CORTE SUPREMA DE JUSTICIA  

SALA DE CASACION PENAL  

Magistrado Ponente:  

NILSON E. PINILLA PINILLA  

Aprobado Acta N°131  

Santafé de Bogotá, D. C., septiembre dos (2)  de mil novecientos noventa y nueve (1999).   

ASUNTO:  

Decide la Corte si es formalmente admisible la  demanda  de  casación  presentada  por la defensora de EUCLIDES ORREGO TABARES,  condenado  como  autor de homicidio simple, en concurso con porte ilegal de arma  de  fuego  de  defensa  personal  y  tentativa  de  hurto agravado, luego de ser  acumulados dos procesos.   

HECHOS Y ACTUACION PROCESAL:  

1°  Alrededor  de  las  9:30  p. m. del 4 de  noviembre  de  1995,  un  grupo  de  amigos  que  se  hallaba  departiendo en el  restaurante  “Rico  Pollo”, calle 21 Sur con carrera 2a., Barrio Granada, al  oriente  de  Santafé de Bogotá, fue requerido por un individuo en solicitud de  un  gato para automotor, préstamo negado por serles desconocido el solicitante,  lo  cual  molestó  a  éste,  que  atacó  a  uno  de  los  contertulios con un  destornillador  y después regresó provisto de una pistola obtenida en una casa  vecina,  que  primero  disparó  contra  un transeúnte y luego contra el grupo,  ocasionándole  la  muerte a Luis Miguel Beltrán Martín, al propinarle un tiro  en la cabeza.   

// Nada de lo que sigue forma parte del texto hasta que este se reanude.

lemma balanced_proportional:
  fixes q :: "'a \<Rightarrow> 'a \<Rightarrow> real"
  assumes fin: "finite E" and q: "\<forall>a\<in>E. \<forall>b\<in>E. 0 \<le> q a b"
    and \<mu>: "balanced E q \<mu>" "\<forall>a\<in>E. 0 < \<mu> a" and \<nu>: "balanced E q \<nu>"
    and c: "c \<in> E" and irreducible: "\<forall>a\<in>E. (\<lambda>a b. a \<in> E \<and> b \<in> E \<and> 0 < q a b)\<^sup>*\<^sup>* c a"
    and a: "a \<in> E"
  shows "\<nu> a = \<nu> c / \<mu> c * \<mu> a"
proof -
  define f where "f a = \<nu> a / \<mu> a" for a
  have "\<forall>a\<in>E. \<mu> a \<noteq> 0"
    using \<mu>(2) by auto
  then have harm: "\<forall>b\<in>E. (\<Sum>a\<in>E. \<mu> a * q a b * (f b - f a)) = 0"
    unfolding f_def using balanced_ratio_harmonic[OF \<mu>(1) _ \<nu>] by blast
  have harm_neg: "\<forall>b\<in>E. (\<Sum>a\<in>E. \<mu> a * q a b * ((- f) b - (- f) a)) = 0"
  proof
    fix b
    have "(\<Sum>a\<in>E. \<mu> a * q a b * ((- f) b - (- f) a)) = - (\<Sum>a\<in>E. \<mu> a * q a b * (f b - f a))"
      unfolding sum_negf[symmetric] by (intro sum.cong) (simp_all add: algebra_simps)
    then show "b \<in> E \<Longrightarrow> (\<Sum>a\<in>E. \<mu> a * q a b * ((- f) b - (- f) a)) = 0"
      using harm by simp
  qed
  have ne: "E \<noteq> {}"
    using c by blast
  obtain amin where amin: "amin \<in> E" "\<forall>a\<in>E. (- f) a \<le> (- f) amin"
    using ex_is_arg_min_if_finite[OF fin ne, of f] by (auto simp: is_arg_min_linorder)
  obtain amax where amax: "amax \<in> E" "\<forall>a\<in>E. f a \<le> f amax"
    using ex_is_arg_min_if_finite[OF fin ne, of "- f"] by (auto simp: is_arg_min_linorder)
  have "f c = f amax"
    using harmonic_max_at_source[OF fin q \<mu>(2) harm amax(2) irreducible[rule_format, OF amax(1)]]
      amax(1) .
  moreover have "(- f) c = (- f) amin"
    using harmonic_max_at_source[OF fin q \<mu>(2) harm_neg amin(2) irreducible[rule_format, OF amin(1)]]
      amin(1) .
  moreover have "f amin \<le> f a" "f a \<le> f amax"
    using amin(2) amax(2) a by auto
  ultimately have "\<nu> a / \<mu> a = \<nu> c / \<mu> c"
    by (simp add: f_def)
  moreover have "\<mu> a \<noteq> 0"
    using \<mu>(2) a by fastforce
  ultimately show ?thesis
    by (simp add: divide_eq_eq)
qed
(* Let $p=(p_1,\dots,p_K)$ be a probability vector with $p_j>0$ for all $j$, and let $q^1,\dots,q^b$ be probability vectors on $\{1,\dots,K\}$ (so $q^\ell_j\in[0,1]$). Then $$\sum_{j=1}^K\frac{p_j}{1-(1-p_j)(1-q^1_j)\cdots(1-q^b_j)}\le\sum_{j=1}^K\frac{p_j}{p_j+q^1_j+q^2_j+\cdots+q^b_j}+1.$$
   Context: In the paper, $p$ is the agent's arm-selection distribution (positive in every coordinate under the algorithm) and $q^\ell$ the distribution of neighbor $\ell$. *)

theory Defs
  imports "HOL-Analysis.Analysis"
begin

end

theory Submission
  imports Defs
begin

text \<open>For each arm \<open>j\<close>, put \<open>x = p\<^sub>j + \<Sum>\<^sub>l q\<^sup>l\<^sub>j\<close>. The product
  \<open>(1 - p\<^sub>j) \<Prod>\<^sub>l (1 - q\<^sup>l\<^sub>j)\<close> is at most \<open>1 / (1 + x)\<close>, so the denominator on the left
  is at least \<open>x / (1 + x)\<close> and the \<open>j\<close>-th summand is at most \<open>p\<^sub>j / x + p\<^sub>j\<close>.
  Summing over \<open>j\<close> and using \<open>\<Sum>\<^sub>j p\<^sub>j = 1\<close> gives the claim.\<close>

lemma le_one_if_sum_eq_one:
  fixes f :: "'a \<Rightarrow> 'b::{ordered_comm_monoid_add,semiring_1}"
  assumes "finite A" "\<And>i. i \<in> A \<Longrightarrow> 0 \<le> f i" "sum f A = 1" "i \<in> A"
  shows "f i \<le> 1"
  using member_le_sum[of i A f] assms by simp

lemma one_minus_mult_one_plus_le_one:
  fixes a P S :: "'a::linordered_idom"
  assumes "0 \<le> a" "0 \<le> P" "0 \<le> S" "P * (1 + S) \<le> 1"
  shows "(1 - a) * P * (1 + (a + S)) \<le> 1"
proof -
  have "(1 - a) * (1 + (a + S)) \<le> 1 + S"
    using assms(1,3) by (simp add: algebra_simps)
  then have "P * ((1 - a) * (1 + (a + S))) \<le> P * (1 + S)"
    using assms(2) by (rule mult_left_mono)
  then show ?thesis
    using assms(4) by (simp add: algebra_simps)
qed

lemma prod_one_minus_mult_one_plus_sum_le_one:
  fixes a :: "'b \<Rightarrow> 'a::linordered_idom"
  assumes "finite A" "\<And>i. i \<in> A \<Longrightarrow> 0 \<le> a i \<and> a i \<le> 1"
  shows "(\<Prod>i\<in>A. 1 - a i) * (1 + (\<Sum>i\<in>A. a i)) \<le> 1"
  using assms
proof (induction A rule: finite_induct)
  case empty
  then show ?case by simp
next
  case (insert x F)
  have "0 \<le> (\<Prod>i\<in>F. 1 - a i)" "0 \<le> (\<Sum>i\<in>F. a i)"
    using insert.prems by (auto intro: prod_nonneg sum_nonneg)
  with insert show ?case
    using one_minus_mult_one_plus_le_one[of "a x"] by (simp add: mult.assoc)
qed

lemma divide_one_minus_le:
  fixes p c x :: "'a::linordered_field"
  assumes "0 \<le> p" "0 < x" "c * (1 + x) \<le> 1"
  shows "p / (1 - c) \<le> p / x + p"
proof -
  have "x \<le> (1 - c) * (1 + x)"
    using assms(3) by (simp add: algebra_simps)
  then have x_le: "x / (1 + x) \<le> 1 - c"
    using assms(2) by (simp add: pos_divide_le_eq)
  have x_pos: "0 < x / (1 + x)"
    using assms(2) by simp
  with x_le have "0 < 1 - c"
    by linarith
  with x_le x_pos assms(1) have "p / (1 - c) \<le> p / (x / (1 + x))"
    by (intro divide_left_mono mult_pos_pos)
  also have "\<dots> = p / x + p"
    using assms(2) by (simp add: field_simps)
  finally show ?thesis .
qed

theorem mainTheorem6:
  fixes K b :: nat and p :: "nat \<Rightarrow> real" and q :: "nat \<Rightarrow> nat \<Rightarrow> real"
  assumes p_pos: "\<And>j. j \<in> {1..K} \<Longrightarrow> p j > 0"
    and p_sum: "(\<Sum>j=1..K. p j) = 1"
    and q_nonneg: "\<And>l j. l \<in> {1..b} \<Longrightarrow> j \<in> {1..K} \<Longrightarrow> q l j \<ge> 0"
    and q_sum: "\<And>l. l \<in> {1..b} \<Longrightarrow> (\<Sum>j=1..K. q l j) = 1"
  shows "(\<Sum>j=1..K. p j / (1 - (1 - p j) * (\<Prod>l=1..b. (1 - q l j))))
         \<le> (\<Sum>j=1..K. p j / (p j + (\<Sum>l=1..b. q l j))) + 1"
proof -
  have "p j / (1 - (1 - p j) * (\<Prod>l=1..b. 1 - q l j)) \<le> p j / (p j + (\<Sum>l=1..b. q l j)) + p j"
    if j: "j \<in> {1..K}" for j
  proof (rule divide_one_minus_le)
    have q_unit: "0 \<le> q l j \<and> q l j \<le> 1" if "l \<in> {1..b}" for l
      using q_nonneg[OF that j] le_one_if_sum_eq_one[of "{1..K}" "q l"] q_nonneg q_sum that j
      by auto
    have q_sum_nonneg: "0 \<le> (\<Sum>l=1..b. q l j)"
      using q_unit by (auto intro: sum_nonneg)
    then show "0 < p j + (\<Sum>l=1..b. q l j)"
      using p_pos[OF j] by linarith
    have "0 \<le> (\<Prod>l=1..b. 1 - q l j)"
      using q_unit by (auto intro: prod_nonneg)
    moreover have "(\<Prod>l=1..b. 1 - q l j) * (1 + (\<Sum>l=1..b. q l j)) \<le> 1"
      using q_unit by (auto intro: prod_one_minus_mult_one_plus_sum_le_one)
    ultimately show "(1 - p j) * (\<Prod>l=1..b. 1 - q l j) * (1 + (p j + (\<Sum>l=1..b. q l j))) \<le> 1"
      using one_minus_mult_one_plus_le_one[of "p j"] p_pos[OF j] q_sum_nonneg by simp
  qed (use p_pos[OF j] in simp)
  then have "(\<Sum>j=1..K. p j / (1 - (1 - p j) * (\<Prod>l=1..b. 1 - q l j)))
        \<le> (\<Sum>j=1..K. p j / (p j + (\<Sum>l=1..b. q l j)) + p j)"
    by (rule sum_mono)
  then show ?thesis
    using p_sum by (simp add: sum.distrib)
qed

end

Perseguido el autor de los disparos, penetró  en  una vivienda cercana, probablemente la misma donde había conseguido el arma  de  fuego;  allí  fue  capturado  por  miembros de la Policía Nacional y se le  incautó  la pistola Astra, N° 1158024, calibre .38 (9mm) corto, proveedor para  7  cartuchos,  que  se identificó pericialmente como la utilizada para disparar  el proyectil encontrado en el cadáver de Beltrán Martín.   

El capturado dijo primero responder al nombre  de   ANCIZAR  TABARES  GRAJALES  y  luego  EUCLIDES  ORREGO  TABARES.  Oído  en  indagatoria  y  ampliación,  la  situación  jurídica  le fue resuelta el 9 de  noviembre  de 1995, con medida de aseguramiento de detención preventiva por los  delitos  de  homicidio,  lesiones personales y porte ilegal de arma de fuego (f.  56 y Ss. cd. respectivo).   

El  11  de  marzo  de  1996,  la Fiscalía 39  Seccional  de la Unidad Tercera de Delitos contra la Vida de Santafé de Bogotá  profirió  resolución  de  acusación  contra  EUCLIDES ORREGO TABARES, por los  delitos  de  homicidio, agravado por indefensión de la víctima, y porte ilegal  de  arma de fuego de defensa personal, enjuiciamiento recurrido por el encausado  y  confirmado  íntegramente el 7 de mayo del mismo año por una Fiscalía de la  Unidad  Delegada  ante  los  Tribunales  Superiores  de  Santafé  de  Bogotá y  Cundinamarca,  luego  de  superarse una confusión inicial (fs. 175 y Ss., 241 y  37 y Ss. de los cuadernos respectivos).   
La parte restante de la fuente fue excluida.